After her mother had excoriated Louise for her vulgarisms, she'd swept out of the room. Clara had hugged her sister and escaped to the sanctuary of her cottage.

Miserably, she finished her first “secret gift” basket by covering it with a bright red tea towel, newly decorated with green holly leaves embroidered in each corner. She'd stayed up until three in the morning doing the needlework, her eyes burning along with her heart.

She wanted to believe Louise was right about Ethan's expression; it was difficult, however, when Clara felt more like the ugly duckling who had grown into an equally ill-favored duck instead of a swan. Here she was, thirty-one years old, supposedly content to be the erudite spinster of the family.
Quit lying to yourself, Clara.
Ethan's ice-tipped comment, shorn of any emotion—
She looks lovely
—had wounded her deeply. If she hadn't cared so much, if his earlier honesty and tenderness had not tricked her into trust, she wouldn't have cared two figs about his indifferent reaction to Louise's handiwork.

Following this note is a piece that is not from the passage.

(* Let $N\ge3$, $h=1/N$, $\tau>0$, $\eta>0$, $\sigma\in\mathbb{R}$, $k\in\{2,3,4\}$, and let $\mathbf{X}^{m-p}=(x^{m-p},y^{m-p})^T\in\mathbb{X}^h$, $p=0,\dots,k-1$, be given. Let $\widetilde{\mathbf{X}}^{m+1}\in\mathbb{X}^h$ be the predicted curve (generated by the BDF$(k-1)$-ZJB scheme), with edges $\widetilde{\mathbf{h}}^{m+1}_j=\widetilde{\mathbf{X}}^{m+1}(\rho_j)-\widetilde{\mathbf{X}}^{m+1}(\rho_{j-1})$ and unit normals $\widetilde{\mathbf{n}}^{m+1}_j=(\widetilde n^{m+1}_{j,1},\widetilde n^{m+1}_{j,2})^T$ on $I_j$, $j=1,\dots,N$. Assume (i) $(\widetilde n^{m+1}_{1,1})^2+(\widetilde n^{m+1}_{N,1})^2>0$, and (ii) $\min_{1\le j\le N}|\widetilde{\mathbf{h}}^{m+1}_j|>0$. Then the linear system (BDF$k$-ZJB scheme): find $\mathbf{X}^{m+1}=(x^{m+1},y^{m+1})^T\in\mathbb{X}^h$ and $\kappa^{m+1}\in\mathbb{K}^h$ such that $$\Big\langle\tfrac{a\mathbf{X}^{m+1}-\widehat{\mathbf{X}}^m}{\tau},\widetilde{\mathbf{n}}^{m+1}\psi^h\Big\rangle^h_{\widetilde\Gamma^{m+1}}+\langle\partial_s\kappa^{m+1},\partial_s\psi^h\rangle_{\widetilde\Gamma^{m+1}}=0\quad\forall\psi^h\in\mathbb{K}^h,$$ $$\langle\kappa^{m+1}\widetilde{\mathbf{n}}^{m+1},\boldsymbol\omega^h\rangle^h_{\widetilde\Gamma^{m+1}}-\langle\partial_s\mathbf{X}^{m+1},\partial_s\boldsymbol\omega^h\rangle_{\widetilde\Gamma^{m+1}}+\sigma[\omega^h_1(1)-\omega^h_1(0)]$$ $$-\frac1{\eta\tau}\Big[\big(a\,x^{m+1}(0)-\widehat x^m(0)\big)\omega^h_1(0)+\big(a\,x^{m+1}(1)-\widehat x^m(1)\big)\omega^h_1(1)\Big]=0\quad\forall\boldsymbol\omega^h=(\omega^h_1,\omega^h_2)^T\in\mathbb{X}^h,$$ is well-posed, i.e., it has a unique solution $(\mathbf{X}^{m+1},\kappa^{m+1})\in\mathbb{X}^h\times\mathbb{K}^h$.
   Context: Mesh: $\rho_j=jh$, $I_j=[\rho_{j-1},\rho_j]$. $\mathbb{K}^h$ = continuous functions on $[0,1]$ affine on each $I_j$; $\mathbb{K}^h_0=\{\psi\in\mathbb{K}^h:\psi(0)=\psi(1)=0\}$; $\mathbb{X}^h=\mathbb{K}^h\times\mathbb{K}^h_0$. For $\mathbf{Y}\in\mathbb{X}^h$ with edges $\mathbf{h}_j=\mathbf{Y}(\rho_j)-\mathbf{Y}(\rho_{j-1})\ne0$: normal on $I_j$ is $\big(-(\mathbf{h}_j)_2,(\mathbf{h}_j)_1\big)^T/|\mathbf{h}_j|$; $\partial_sf|_{I_j}=h\partial_\rho f|_{I_j}/|\mathbf{h}_j|$; $\langle u,v\rangle_{\mathbf{Y}}=\int_0^1u\cdot v|\partial_\rho\mathbf{Y}|d\rho$; $\langle u,v\rangle^h_{\mathbf{Y}}=\frac12\sum_{j=1}^N|\mathbf{h}_j|[(u\cdot v)(\rho_j^-)+(u\cdot v)(\rho_{j-1}^+)]$. $\widetilde\Gamma^{m+1}$ denotes the curve $\widetilde{\mathbf{X}}^{m+1}$, with respect to which normals, $\partial_s$ and inner products are taken. Coefficients: BDF2: $a=\frac32$, $\widehat{\mathbf{X}}^m=2\mathbf{X}^m-\frac12\mathbf{X}^{m-1}$; BDF3: $a=\frac{11}6$, $\widehat{\mathbf{X}}^m=3\mathbf{X}^m-\frac32\mathbf{X}^{m-1}+\frac13\mathbf{X}^{m-2}$; BDF4: $a=\frac{25}{12}$, $\widehat{\mathbf{X}}^m=4\mathbf{X}^m-3\mathbf{X}^{m-1}+\frac43\mathbf{X}^{m-2}-\frac14\mathbf{X}^{m-3}$; $\widehat x^m$ is the first component of $\widehat{\mathbf{X}}^m$. The BDF1-ZJB scheme is the ZJB (backward Euler) scheme, in which normals, $\partial_s$ and inner products are taken on the previous curve $\mathbf{X}^m$ and $a=1$, $\widehat{\mathbf{X}}^m=\mathbf{X}^m$; the BDF$j$-ZJB scheme uses as predicted curve the output of the BDF$(j-1)$-ZJB scheme. *)

theory Defs
  imports Complex_Main
begin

Love. One either soared on its wings, or sank like a stone into a bog of self-pity.

Rubbish.
Next she would pen bad poetry instead of competent prose. Sigh over sunsets, weep by a window—a reluctant smile at last brightened Clara's mood.

Well, then. Tonight she had promised to join a group of carolers, comprised mostly of members of various church choirs, along with other townsfolk who, like Clara, possessed some level of musical training. Unless she quit mooning over her basket of goodies and instead set about delivering it, she wouldn't make it to the meeting spot on the front steps of the town hall by seven o'clock.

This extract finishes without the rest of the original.